------ Data ------
(* Let $\theta\in(0,\pi)$ and let $\mathcal{B}_\theta$ be the moduli space of spherical bigons of angle $\theta$ with labeled sides. For $i=1,2$ let $r_i$ be the radius of the disk $D_i\subset\mathbb{S}^2$ whose boundary contains side $i$, $k_i=\cot r_i$ the geodesic curvature of side $i$, $K_i=\log k_i$, $\ell_i$ the length of side $i$, and $T_i=\ell_ik_i$ its total geodesic curvature. Then the $1$-form $\omega_\theta:=\ell_1\,\mathrm{d}k_1+\ell_2\,\mathrm{d}k_2=T_1\,\mathrm{d}K_1+T_2\,\mathrm{d}K_2$ on $\mathcal{B}_\theta$ is closed.
   Context: A spherical bigon is the intersection $D_1\cap D_2$ of two open round disks in $\mathbb{S}^2$ of radii less than $\frac{\pi}{2}$, neither containing the other, with angle the interior angle at its corners; $\mathcal{B}_\theta$ consists of such bigons of angle $\theta$ with the two sides labeled $1,2$, up to label-preserving isometry. The map $(r_1,r_2)$ is a bijection $\mathcal{B}_\theta\to(0,\frac{\pi}{2})^2$, so $(k_1,k_2)$ and $(K_1,K_2)$ give smooth parametrizations of $\mathcal{B}_\theta$ by $\mathbb{R}_+^2$ and $\mathbb{R}^2$ respectively. *)

theory Defs
  imports "HOL-Analysis.Analysis"
begin

text \<open>
  Spherical bigon D1 \<inter> D2 on the unit sphere, disks of radii r1, r2 in (0, pi/2),
  interior angle theta at the two corners.  Let c1, c2 be the centres and P a corner.
  In the spherical triangle (c1, c2, P) the sides at P are r1 (to c1) and r2 (to c2), and
  the angle at P between the two radii is pi - theta (the radii are normal to the
  boundary circles).  Side 1 is the arc of the boundary circle of D1 lying in the
  closure of D2; it subtends at c1 the angle 2*beta1, where beta1 in (0, pi) is the angle
  of the triangle at c1.  By the four-part cotangent formula
     cot beta1 = (sin r1 * cot r2 + cos r1 * cos theta) / sin theta,
  and the (spherical) length of side 1 is  sin r1 * 2 * beta1.
  Here arccot u = pi/2 - arctan u, with values in (0, pi).
\<close>

definition center_angle :: "real \<Rightarrow> real \<Rightarrow> real \<Rightarrow> real" where
  "center_angle \<theta> r1 r2 =
     pi / 2 - arctan ((sin r1 * cot r2 + cos r1 * cos \<theta>) / sin \<theta>)"

definition side_length :: "real \<Rightarrow> real \<Rightarrow> real \<Rightarrow> real" where
  "side_length \<theta> r1 r2 = 2 * sin r1 * center_angle \<theta> r1 r2"

text \<open>radius r in (0, pi/2) with geodesic curvature k = cot r > 0\<close>
definition radius_of_curv :: "real \<Rightarrow> real" where
  "radius_of_curv k = arctan (1 / k)"

text \<open>side lengths l1, l2 as functions on B_theta in the coordinates (k1, k2) in R_+^2\<close>
definition ell1 :: "real \<Rightarrow> real \<times> real \<Rightarrow> real" where
  "ell1 \<theta> k = side_length \<theta> (radius_of_curv (fst k)) (radius_of_curv (snd k))"

definition ell2 :: "real \<Rightarrow> real \<times> real \<Rightarrow> real" where
  "ell2 \<theta> k = side_length \<theta> (radius_of_curv (snd k)) (radius_of_curv (fst k))"

text \<open>total geodesic curvatures T_i = l_i k_i in the coordinates (K1, K2) = (log k1, log k2)
  in R^2\<close>
definition T1 :: "real \<Rightarrow> real \<times> real \<Rightarrow> real" where
  "T1 \<theta> K = ell1 \<theta> (exp (fst K), exp (snd K)) * exp (fst K)"

definition T2 :: "real \<Rightarrow> real \<times> real \<Rightarrow> real" where
  "T2 \<theta> K = ell2 \<theta> (exp (fst K), exp (snd K)) * exp (snd K)"

text \<open>The 1-form  P dx + Q dy  on an open set U of R^2 is closed:
  P, Q are differentiable and  dP/dy = dQ/dx  at every point of U.\<close>
definition closed_1form2 ::
  "(real \<times> real \<Rightarrow> real) \<Rightarrow> (real \<times> real \<Rightarrow> real) \<Rightarrow> (real \<times> real) set \<Rightarrow> bool" where
  "closed_1form2 P Q U \<longleftrightarrow> open U \<and>
     (\<forall>z\<in>U. P differentiable (at z) \<and> Q differentiable (at z) \<and>
        (\<exists>a b. ((\<lambda>t. P (fst z, t)) has_real_derivative a) (at (snd z)) \<and>
               ((\<lambda>s. Q (s, snd z)) has_real_derivative b) (at (fst z)) \<and> a = b))"

end

theory Submission
  imports Defs
begin

(* In the curvature coordinates, sin r1 = 1 / sqrt (1 + k1^2) and
   cot beta1 = (k2 + k1 cos theta) / (sin theta sqrt (1 + k1^2)), and differentiating
   l1 = 2 sin r1 beta1 gives
     d l1 / d k2 = - 2 sin theta / (sin theta ^2 + k1^2 + k2^2 + 2 k1 k2 cos theta),
   which is symmetric in k1, k2; by symmetry of the labels it is also d l2 / d k1, so
   l1 dk1 + l2 dk2 is closed.  In the coordinates K_i = log k_i the form becomes
   T1 dK1 + T2 dK2 because dk_i = k_i dK_i, and closedness is preserved by this change
   of variables. *)

lemma closed_1form2_cong:
  assumes "closed_1form2 P Q U"
    and "\<And>z. z \<in> U \<Longrightarrow> P z = P' z" and "\<And>z. z \<in> U \<Longrightarrow> Q z = Q' z"
  shows "closed_1form2 P' Q' U"
  unfolding closed_1form2_def
proof (intro conjI ballI)
  show U: "open U" using assms(1) by (simp add: closed_1form2_def)
  fix z assume z: "z \<in> U"
  obtain a where
      P_diff: "P differentiable (at z)" and Q_diff: "Q differentiable (at z)" and
      P_deriv: "((\<lambda>t. P (fst z, t)) has_real_derivative a) (at (snd z))" and
      Q_deriv: "((\<lambda>s. Q (s, snd z)) has_real_derivative a) (at (fst z))"
    using assms(1) z unfolding closed_1form2_def by blast
  show "P' differentiable (at z)"
    using P_diff has_derivative_transform_within_open[OF _ U z] assms(2)
    unfolding differentiable_def by blast
  show "Q' differentiable (at z)"
    using Q_diff has_derivative_transform_within_open[OF _ U z] assms(3)
    unfolding differentiable_def by blast
  have slices_open: "open (Pair (fst z) -` U)" "open ((\<lambda>s. (s, snd z)) -` U)"
    using U by (auto intro!: continuous_open_vimage continuous_intros)
  have "((\<lambda>t. P' (fst z, t)) has_real_derivative a) (at (snd z))"
    by (rule has_field_derivative_transform_within_open[OF P_deriv slices_open(1)])
      (use z assms(2) in auto)
  moreover have "((\<lambda>s. Q' (s, snd z)) has_real_derivative a) (at (fst z))"
    by (rule has_field_derivative_transform_within_open[OF Q_deriv slices_open(2)])
      (use z assms(3) in auto)
  ultimately show "\<exists>a b. ((\<lambda>t. P' (fst z, t)) has_real_derivative a) (at (snd z)) \<and>
      ((\<lambda>s. Q' (s, snd z)) has_real_derivative b) (at (fst z)) \<and> a = b"
    by blast
qed

lemma closed_1form2_subset:
  assumes "closed_1form2 P Q U" "open V" "V \<subseteq> U"
  shows "closed_1form2 P Q V"
  using assms unfolding closed_1form2_def by blast

lemma closed_1form2_exp_pullback:
  assumes "closed_1form2 P Q {k. 0 < fst k \<and> 0 < snd k}"
  shows "closed_1form2 (\<lambda>K. P (exp (fst K), exp (snd K)) * exp (fst K))
                       (\<lambda>K. Q (exp (fst K), exp (snd K)) * exp (snd K)) UNIV"
  unfolding closed_1form2_def
proof (intro conjI ballI open_UNIV)
  fix K :: "real \<times> real"
  let ?k = "(exp (fst K), exp (snd K))"
  have "?k \<in> {k. 0 < fst k \<and> 0 < snd k}" by simp
  with assms obtain a b where
      P_diff: "P differentiable (at ?k)" and Q_diff: "Q differentiable (at ?k)" and
      P_deriv: "((\<lambda>t. P (fst ?k, t)) has_real_derivative a) (at (snd ?k))" and
      Q_deriv: "((\<lambda>s. Q (s, snd ?k)) has_real_derivative b) (at (fst ?k))" and
      "a = b"
    unfolding closed_1form2_def by blast
  have exp_diff: "(\<lambda>K. (exp (fst K), exp (snd K))) differentiable (at K)"
    and exp_fst_diff: "(\<lambda>K. exp (fst K)) differentiable (at K)"
    and exp_snd_diff: "(\<lambda>K. exp (snd K)) differentiable (at K)"
    unfolding differentiable_def by (rule exI, (rule derivative_intros)+)+
  show "(\<lambda>K. P (exp (fst K), exp (snd K)) * exp (fst K)) differentiable (at K)"
    using differentiable_chain_at[OF exp_diff P_diff] exp_fst_diff
    by (intro differentiable_mult) (auto simp: o_def)
  show "(\<lambda>K. Q (exp (fst K), exp (snd K)) * exp (snd K)) differentiable (at K)"
    using differentiable_chain_at[OF exp_diff Q_diff] exp_snd_diff
    by (intro differentiable_mult) (auto simp: o_def)
  have "((\<lambda>t. P (exp (fst K), exp t) * exp (fst K)) has_real_derivative
           a * exp (snd K) * exp (fst K)) (at (snd K))"
    using DERIV_chain2[OF P_deriv[unfolded prod.sel] DERIV_exp] by (rule DERIV_cmult_right)
  moreover have "((\<lambda>s. Q (exp s, exp (snd K)) * exp (snd K)) has_real_derivative
           b * exp (fst K) * exp (snd K)) (at (fst K))"
    using DERIV_chain2[OF Q_deriv[unfolded prod.sel] DERIV_exp] by (rule DERIV_cmult_right)
  ultimately show "\<exists>a b.
      ((\<lambda>t. P (exp (fst (fst K, t)), exp (snd (fst K, t))) * exp (fst (fst K, t)))
         has_real_derivative a) (at (snd K)) \<and>
      ((\<lambda>s. Q (exp (fst (s, snd K)), exp (snd (s, snd K))) * exp (snd (s, snd K)))
         has_real_derivative b) (at (fst K)) \<and> a = b"
    using \<open>a = b\<close> by (intro exI conjI) (auto simp: mult_ac)
qed

lemma one_plus_square_pos [simp]: "0 < 1 + (y::real)\<^sup>2"
  by (simp add: add_pos_nonneg)

lemma one_plus_square_neq_zero [simp]: "1 + (y::real)\<^sup>2 \<noteq> 0"
  using one_plus_square_pos[of y] by linarith

text \<open>The side length in terms of the curvatures a = cot r1 and b = cot r2: for r = arctan (1 / a)
  one has sin r = 1 / sqrt (1 + a^2) and cos r = a / sqrt (1 + a^2).\<close>

definition side_length_curv :: "real \<Rightarrow> real \<Rightarrow> real \<Rightarrow> real" where
  "side_length_curv \<theta> a b =
     2 / sqrt (1 + a\<^sup>2) * (pi / 2 - arctan ((b + a * cos \<theta>) / (sin \<theta> * sqrt (1 + a\<^sup>2))))"

lemma side_length_radius_of_curv:
  assumes "0 < a" "0 < b"
  shows "side_length \<theta> (radius_of_curv a) (radius_of_curv b) = side_length_curv \<theta> a b"
proof -
  have "sqrt (1 + (1 / a)\<^sup>2) = sqrt (1 + a\<^sup>2) / a"
    using assms by (simp add: field_simps real_sqrt_divide)
  then have sin_r: "sin (arctan (1 / a)) = 1 / sqrt (1 + a\<^sup>2)"
    and cos_r: "cos (arctan (1 / a)) = a / sqrt (1 + a\<^sup>2)"
    using assms by (simp_all add: sin_arctan cos_arctan)
  have cot_r: "cot (arctan (1 / b)) = b"
    using assms by (simp add: cot_def sin_arctan cos_arctan)
  show ?thesis
    unfolding side_length_def center_angle_def radius_of_curv_def side_length_curv_def
      sin_r cos_r cot_r
    by (simp add: field_simps)
qed

lemma differentiable_side_length_curv:
  fixes f g :: "'a::real_normed_vector \<Rightarrow> real"
  assumes "sin \<theta> \<noteq> 0" "f differentiable (at z)" "g differentiable (at z)"
  shows "(\<lambda>z. side_length_curv \<theta> (f z) (g z)) differentiable (at z)"
proof -
  obtain f' g' where "(f has_derivative f') (at z)" "(g has_derivative g') (at z)"
    using assms(2,3) unfolding differentiable_def by blast
  then show ?thesis
    unfolding side_length_curv_def differentiable_def
    by (intro exI) (rule derivative_intros | assumption | (simp add: assms(1); fail))+
qed

lemma has_real_derivative_side_length_curv:
  assumes "sin \<theta> \<noteq> 0"
  shows "((\<lambda>b. side_length_curv \<theta> a b) has_real_derivative
           - 2 * sin \<theta> / ((sin \<theta>)\<^sup>2 + a\<^sup>2 + b\<^sup>2 + 2 * cos \<theta> * a * b)) (at b)"
proof -
  define v where "v = sqrt (1 + a\<^sup>2)"
  define x where "x = (b + a * cos \<theta>) / (sin \<theta> * v)"
  have v: "0 < v" "v\<^sup>2 = 1 + a\<^sup>2"
    unfolding v_def by simp_all
  have denom_pos: "0 < (sin \<theta> * v)\<^sup>2 + (b + a * cos \<theta>)\<^sup>2"
    using v(1) assms by (simp add: add_pos_nonneg)
  have "((\<lambda>b. (b + a * cos \<theta>) / (sin \<theta> * v)) has_real_derivative 1 / (sin \<theta> * v)) (at b)"
    using assms v(1) by (auto intro!: derivative_eq_intros)
  from DERIV_chain2[OF DERIV_arctan this]
  have "((\<lambda>b. side_length_curv \<theta> a b) has_real_derivative
      2 / v * (0 - inverse (1 + x\<^sup>2) * (1 / (sin \<theta> * v)))) (at b)"
    unfolding side_length_curv_def v_def[symmetric] x_def
    by (intro DERIV_cmult DERIV_diff DERIV_const)
  moreover have "2 / v * (0 - inverse (1 + x\<^sup>2) * (1 / (sin \<theta> * v)))
      = - 2 * sin \<theta> / ((sin \<theta> * v)\<^sup>2 + (b + a * cos \<theta>)\<^sup>2)"
    using v(1) assms denom_pos unfolding x_def by (simp add: field_simps power2_eq_square)
  moreover have "(sin \<theta> * v)\<^sup>2 + (b + a * cos \<theta>)\<^sup>2
      = (sin \<theta>)\<^sup>2 + a\<^sup>2 + b\<^sup>2 + 2 * cos \<theta> * a * b"
    using v(2) sin_cos_squared_add[of \<theta>] by algebra
  ultimately show ?thesis by simp
qed


lemma closed_1form2_side_length_curv:
  assumes "sin \<theta> \<noteq> 0"
  shows "closed_1form2 (\<lambda>k. side_length_curv \<theta> (fst k) (snd k))
                       (\<lambda>k. side_length_curv \<theta> (snd k) (fst k)) UNIV"
  unfolding closed_1form2_def
proof (intro conjI ballI open_UNIV)
  fix z :: "real \<times> real"
  have fst_diff: "fst differentiable (at z)" and snd_diff: "snd differentiable (at z)"
    by (simp_all add: bounded_linear_imp_differentiable bounded_linear_fst bounded_linear_snd)
  show "(\<lambda>k. side_length_curv \<theta> (fst k) (snd k)) differentiable (at z)"
    and "(\<lambda>k. side_length_curv \<theta> (snd k) (fst k)) differentiable (at z)"
    using differentiable_side_length_curv[OF assms] fst_diff snd_diff by blast+
  have denom_sym: "(sin \<theta>)\<^sup>2 + a\<^sup>2 + b\<^sup>2 + 2 * cos \<theta> * a * b
      = (sin \<theta>)\<^sup>2 + b\<^sup>2 + a\<^sup>2 + 2 * cos \<theta> * b * a" for a b :: real
    by (simp add: algebra_simps)
  show "\<exists>a b. ((\<lambda>t. side_length_curv \<theta> (fst (fst z, t)) (snd (fst z, t)))
                   has_real_derivative a) (at (snd z)) \<and>
             ((\<lambda>s. side_length_curv \<theta> (snd (s, snd z)) (fst (s, snd z)))
                   has_real_derivative b) (at (fst z)) \<and> a = b"
    using has_real_derivative_side_length_curv[OF assms, of "fst z" "snd z"]
      has_real_derivative_side_length_curv[OF assms, of "snd z" "fst z"]
    by (auto simp: denom_sym)
qed

theorem lemma3p2:
  fixes \<theta> :: real
  assumes "0 < \<theta>" and "\<theta> < pi"
  shows "closed_1form2 (ell1 \<theta>) (ell2 \<theta>) {k. 0 < fst k \<and> 0 < snd k}
       \<and> closed_1form2 (T1 \<theta>) (T2 \<theta>) UNIV"
proof
  have "sin \<theta> \<noteq> 0"
    using assms sin_gt_zero by fastforce
  moreover have "open {k :: real \<times> real. 0 < fst k \<and> 0 < snd k}"
    by (intro open_Collect_conj open_Collect_less continuous_intros)
  ultimately have "closed_1form2 (\<lambda>k. side_length_curv \<theta> (fst k) (snd k))
      (\<lambda>k. side_length_curv \<theta> (snd k) (fst k)) {k. 0 < fst k \<and> 0 < snd k}"
    by (blast intro: closed_1form2_subset closed_1form2_side_length_curv)
  then show ell: "closed_1form2 (ell1 \<theta>) (ell2 \<theta>) {k. 0 < fst k \<and> 0 < snd k}"
    by (rule closed_1form2_cong) (simp_all add: ell1_def ell2_def side_length_radius_of_curv)
  have "T1 \<theta> = (\<lambda>K. ell1 \<theta> (exp (fst K), exp (snd K)) * exp (fst K))"
    and "T2 \<theta> = (\<lambda>K. ell2 \<theta> (exp (fst K), exp (snd K)) * exp (snd K))"
    by (simp_all add: T1_def T2_def fun_eq_iff)
  with closed_1form2_exp_pullback[OF ell] show "closed_1form2 (T1 \<theta>) (T2 \<theta>) UNIV"
    by simp
qed

end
------
Match on "labeled" and report each line of the data above that has it.

(* Let $\theta\in(0,\pi)$ and let $\mathcal{B}_\theta$ be the moduli space of spherical bigons of angle $\theta$ with labeled sides. For $i=1,2$ let $r_i$ be the radius of the disk $D_i\subset\mathbb{S}^2$ whose boundary contains side $i$, $k_i=\cot r_i$ the geodesic curvature of side $i$, $K_i=\log k_i$, $\ell_i$ the length of side $i$, and $T_i=\ell_ik_i$ its total geodesic curvature. Then the $1$-form $\omega_\theta:=\ell_1\,\mathrm{d}k_1+\ell_2\,\mathrm{d}k_2=T_1\,\mathrm{d}K_1+T_2\,\mathrm{d}K_2$ on $\mathcal{B}_\theta$ is closed.
   Context: A spherical bigon is the intersection $D_1\cap D_2$ of two open round disks in $\mathbb{S}^2$ of radii less than $\frac{\pi}{2}$, neither containing the other, with angle the interior angle at its corners; $\mathcal{B}_\theta$ consists of such bigons of angle $\theta$ with the two sides labeled $1,2$, up to label-preserving isometry. The map $(r_1,r_2)$ is a bijection $\mathcal{B}_\theta\to(0,\frac{\pi}{2})^2$, so $(k_1,k_2)$ and $(K_1,K_2)$ give smooth parametrizations of $\mathcal{B}_\theta$ by $\mathbb{R}_+^2$ and $\mathbb{R}^2$ respectively. *)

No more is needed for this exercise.